O Rio de Janeiro se tornou a primeira cidade brasileira a disponibilizar o medicamento Ozempic pelo Sistema Único de Saúde (SUS). Em um ato simbólico na quarta-feira, 18 de março, o prefeito Eduardo Paes (PSD) aplicou a primeira dose da chamada ‘caneta emagrecedora’ em uma paciente, marcando um passo inédito no combate à obesidade no país.
A iniciativa ocorre em um momento relevante, pois a patente da semaglutida, princípio ativo presente em medicamentos como Ozempic e Wegovy, expira no Brasil nesta sexta-feira, 20 de março.
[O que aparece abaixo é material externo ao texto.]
text \<open>
  By the telescoping identity for the Dirichlet kernel, f D_N = phi V (exp(i (N+1) x) - exp(-i N x)),
  and both terms vanish in the limit by Riemann--Lebesgue; holomorphy of V is only used to make
  phi V continuously differentiable.
\<close>
lemma integral_dirichlet_kernel_tendsto_zero:
  assumes hol: "V holomorphic_on W" and W: "open W" and in_W: "\<And>x. x \<in> {a..b} \<Longrightarrow> complex_of_real x \<in> W"
    and ab: "a \<le> b"
    and \<phi>: "\<And>x. (\<phi> has_real_derivative \<phi>' x) (at x)" and \<phi>': "continuous_on {a..b} \<phi>'"
    and f: "\<And>x. x \<in> {a..b} \<Longrightarrow> f x = complex_of_real (\<phi> x) * V (complex_of_real x) * (exp (\<i> * complex_of_real x) - 1)"
  shows "(\<lambda>N. integral {a..b} (\<lambda>x. f x * dirichlet_kernel N x)) \<longlonglongrightarrow> 0"
proof -
  define g where "g x = complex_of_real (\<phi> x) * V (complex_of_real x)" for x
  define e where "e M x = exp (\<i> * complex_of_real (M * x))" for M x
  have cont_V: "continuous_on {a..b} (\<lambda>x. V (complex_of_real x))"
    by (rule continuous_on_compose2[OF holomorphic_on_imp_continuous_on[OF hol]])
      (auto intro!: continuous_intros in_W)
  have cont_V': "continuous_on {a..b} (\<lambda>x. deriv V (complex_of_real x))"
    by (rule continuous_on_compose2[OF holomorphic_on_imp_continuous_on[OF holomorphic_deriv[OF hol W]]])
      (auto intro!: continuous_intros in_W)
  have cont_\<phi>: "continuous_on {a..b} \<phi>"
    by (rule continuous_at_imp_continuous_on) (meson DERIV_isCont \<phi>)
  have RL: "((\<lambda>M. integral {a..b} (\<lambda>x. g x * e M x)) \<longlongrightarrow> 0) at_infinity"
    unfolding g_def e_def
    by (rule riemann_lebesgue_C1[OF ab has_vector_derivative_real_times_holomorphic[OF hol W in_W \<phi>]],
        assumption, intro continuous_intros cont_\<phi> \<phi>' cont_V cont_V')
  have to_infinity_pos: "filterlim (\<lambda>N. real N + 1) at_infinity sequentially"
  proof -
    have "filterlim (\<lambda>N. 1 + real N) at_top sequentially"
      by (rule filterlim_tendsto_add_at_top[OF tendsto_const filterlim_real_sequentially])
    then show ?thesis
      by (simp add: add.commute filterlim_at_top_imp_at_infinity)
  qed
  have to_infinity_neg: "filterlim (\<lambda>N. - real N) at_infinity sequentially"
    using filterlim_uminus_at_top[THEN iffD1, OF filterlim_real_sequentially]
    by (rule filterlim_mono[OF _ at_bot_le_at_infinity order_refl])
  have "(\<lambda>N. integral {a..b} (\<lambda>x. g x * e (real N + 1) x) - integral {a..b} (\<lambda>x. g x * e (- real N) x))
      \<longlonglongrightarrow> 0 - 0"
    using tendsto_diff[OF filterlim_compose[OF RL to_infinity_pos] filterlim_compose[OF RL to_infinity_neg]] .
  moreover have "integral {a..b} (\<lambda>x. f x * dirichlet_kernel N x)
      = integral {a..b} (\<lambda>x. g x * e (real N + 1) x) - integral {a..b} (\<lambda>x. g x * e (- real N) x)" for N
  proof -
    have "f x * dirichlet_kernel N x = g x * e (real N + 1) x - g x * e (- real N) x" if "x \<in> {a..b}" for x
    proof -
      have "f x * dirichlet_kernel N x = g x * (dirichlet_kernel N x * (exp (\<i> * complex_of_real x) - 1))"
        using f[OF that] by (simp add: g_def mult_ac)
      also have "\<dots> = g x * (e (real N + 1) x - e (- real N) x)"
        unfolding dirichlet_kernel_mult_exp_minus_one e_def ..
      finally show ?thesis
        by (simp add: right_diff_distrib)
    qed
    then have "integral {a..b} (\<lambda>x. f x * dirichlet_kernel N x) = integral {a..b} (\<lambda>x. g x * e (real N + 1) x - g x * e (- real N) x)"
      by (rule integral_cong)
    also have "\<dots> = integral {a..b} (\<lambda>x. g x * e (real N + 1) x) - integral {a..b} (\<lambda>x. g x * e (- real N) x)"
      unfolding g_def e_def
      by (intro integral_diff integrable_continuous_interval continuous_intros cont_\<phi> cont_V)
    finally show ?thesis .
  qed
  ultimately show ?thesis
    by simp
qed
Com o fim da exclusividade da farmacêutica Novo Nordisk, outras empresas poderão desenvolver versões que contêm esse composto. Isso abre caminho para concorrência e uma eventual redução de preços, embora isso não deva ocorrer de imediato devido a entraves regulatórios e industriais.
Na semana passada, durante um evento no Rio ao lado do presidente Luiz Inácio Lula da Silva (PT), Paes pediu que o governo federal incorporasse o medicamento em toda a rede pública. Lula, no entanto, tratou o tema como delicado e afirmou que o remédio ‘não é um prêmio para quem é relaxado’. Ele destacou que deve ser prescrito para pessoas que, por necessidade de saúde, não conseguem emagrecer, e que o médico deve orientar sobre a importância de atividades físicas.
“‘As pessoas têm que aprender a tirar a bunda da cadeira e andar um pouco’, disse o presidente.”
Médicos, por outro lado, ressaltam que a obesidade deve ser encarada como uma doença, e não como uma falha de caráter. Cynthia Valério, presidente eleita da Associação Brasileira para o Estudo da Obesidade (Abeso), afirmou que não tratar a obesidade com a seriedade necessária é ‘praticamente criminoso’.
Apesar dos apelos para que as canetas sejam incluídas no SUS, especialistas acreditam que isso ainda está distante da realidade. O custo do tratamento mensal com essa medicação é de aproximadamente R$ 1.400, o que dificulta o acesso, especialmente para pessoas de baixa renda.
“‘A gente está aqui falando sobre um dos tratamentos mais caros da história da humanidade’, contextualiza Rafael Claro, professor da Escola de Enfermagem da Universidade Federal de Minas Gerais (UFMG).”
Esse momento marca um novo capítulo das canetas emagrecedoras no Brasil, que têm transformado não apenas a saúde, mas também a dinâmica de consumo em diversos setores da economia. A Organização Mundial da Saúde (OMS) aponta que 43% dos adultos têm sobrepeso e 16% são obesos, com o Brasil apresentando uma taxa preocupante de 31% de obesidade.
Durante décadas, as opções para quem enfrentava a obesidade eram limitadas a dietas restritas e exercícios físicos. Um estudo britânico de 2015 mostrou que apenas um em cada 210 homens e uma em cada 124 mulheres com obesidade conseguem manter um peso saudável apenas com dieta e exercício. As canetas emagrecedoras, inicialmente desenvolvidas para tratar diabetes, mostraram um efeito adicional significativo na perda de peso.
Esses medicamentos agem em áreas do cérebro que controlam a saciedade e a fome, reduzindo o apetite. Além da perda de peso, as canetas têm mudado a forma como as pessoas se relacionam com atividades físicas, promovendo uma abordagem mais positiva em relação ao exercício.
O uso desses medicamentos também tem gerado mudanças nos hábitos alimentares, com pacientes relatando maior consumo de alimentos frescos e menos interesse em comidas não saudáveis. Supermercados já estão adaptando suas ofertas para atender a essa nova demanda.